** INPUT FOR THIS TASK follows **

lemma cos_nonzero_of_mem_Pset:
  assumes not_neg_pi: "\<not> (\<exists>k::int. c = - pi + 2 * pi * \<rho> * of_int k)"
    and not_zero: "\<not> (\<exists>k::int. c = 2 * pi * \<rho> * of_int k)"
    and "\<phi> \<in> Pset \<rho> c"
  shows "cos \<phi> \<noteq> 0"
proof
  assume "cos \<phi> = 0"
  then obtain n :: int where n: "\<phi> = of_int n * pi + pi/2"
    using cos_zero_iff_int2 by auto
  from assms(3) obtain k :: int where k: "\<phi> = pi/2 + c + 2*pi*\<rho> * of_int k"
    and range: "-pi \<le> \<phi>" "\<phi> < pi"
    unfolding Pset_def by auto
  have "pi * (- 3/2) \<le> pi * of_int n" and "pi * of_int n < pi * (1/2)"
    using range unfolding n by (simp_all add: field_simps)
  then have "- 3/2 \<le> (of_int n :: real)" and "(of_int n :: real) < 1/2"
    by (simp_all only: mult_le_cancel_left_pos[OF pi_gt_zero] mult_less_cancel_left_pos[OF pi_gt_zero])
  then consider "n = 0" | "n = -1"
    by linarith
  then show False
  proof cases
    case 1
    then have "c = 2 * pi * \<rho> * of_int (- k)" using k n by simp
    with not_zero show False by blast
  next
    case 2
    then have "c = - pi + 2 * pi * \<rho> * of_int (- k)" using k n by simp
    with not_neg_pi show False by blast
  qed
qed

lemma abs_sin_less_one:
  fixes \<phi> :: real
  assumes "cos \<phi> \<noteq> 0"
  shows "\<bar>sin \<phi>\<bar> < 1"
proof -
  have "(cos \<phi>)^2 > 0"
    using assms by simp
  then have "(sin \<phi>)^2 < 1"
    using sin_cos_squared_add[of \<phi>] by linarith
  then show ?thesis
    by (simp add: abs_square_less_1)
qed

theorem mainTheorem7:
  fixes \<rho> x \<alpha> \<beta> \<eta> :: real
  assumes "\<rho> > 0" and "x > 0"
    and "\<alpha> \<in> {-1, 1}" and "\<beta> \<in> {-1, 1}"
    and "\<not> (\<exists>k::int. \<alpha> * \<eta> = - pi + 2 * pi * \<rho> * of_int k)"
    and "\<not> (\<exists>k::int. \<alpha> * \<eta> = 2 * pi * \<rho> * of_int k)"
  shows "(\<Sum>\<phi>\<in>Pset \<rho> (\<alpha> * \<eta>).
            (- (of_real (\<beta> * \<rho>) * exp (\<i> * of_real (x * \<beta>)) / (2 * of_real pi * \<i>)))
            * integral UNIV (\<lambda>s::real. exp (- of_real (x * s^2))
                 / (of_real s - of_real (sgn (cos \<phi>)) * csqrt (\<i> * of_real \<beta> - \<i> * of_real (sin \<phi>)))))
       = - of_real (\<rho> / 2) * (\<Sum>\<phi>\<in>Pset \<rho> (\<alpha> * \<eta>).
            of_real (sgn (cos \<phi>)) * exp (\<i> * of_real (x * sin \<phi>))
            * cerfc (exp (- of_real \<beta> * of_real pi / 4 * \<i>) * of_real (sqrt x)
                     * csqrt (of_real (1 - \<beta> * sin \<phi>))))"
  unfolding sum_distrib_left
proof (intro sum.cong refl summand_integral_eq_erfc assms(2,4))
  fix \<phi> assume "\<phi> \<in> Pset \<rho> (\<alpha> * \<eta>)"
  then have "cos \<phi> \<noteq> 0"
    using cos_nonzero_of_mem_Pset assms(5,6) by blast
  then show "sgn (cos \<phi>) \<in> {-1, 1}" and "\<bar>sin \<phi>\<bar> < 1"
    by (auto simp: sgn_real_def abs_sin_less_one)
qed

** End of INPUT FOR THIS TASK **

## [DIRECTIONS]
Search the records for the word "alpha" and copy out every line that holds it.

## [RESPONSE AREA]
  fixes \<rho> x \<alpha> \<beta> \<eta> :: real
    and "\<alpha> \<in> {-1, 1}" and "\<beta> \<in> {-1, 1}"
    and "\<not> (\<exists>k::int. \<alpha> * \<eta> = - pi + 2 * pi * \<rho> * of_int k)"
    and "\<not> (\<exists>k::int. \<alpha> * \<eta> = 2 * pi * \<rho> * of_int k)"
  shows "(\<Sum>\<phi>\<in>Pset \<rho> (\<alpha> * \<eta>).
       = - of_real (\<rho> / 2) * (\<Sum>\<phi>\<in>Pset \<rho> (\<alpha> * \<eta>).
  fix \<phi> assume "\<phi> \<in> Pset \<rho> (\<alpha> * \<eta>)"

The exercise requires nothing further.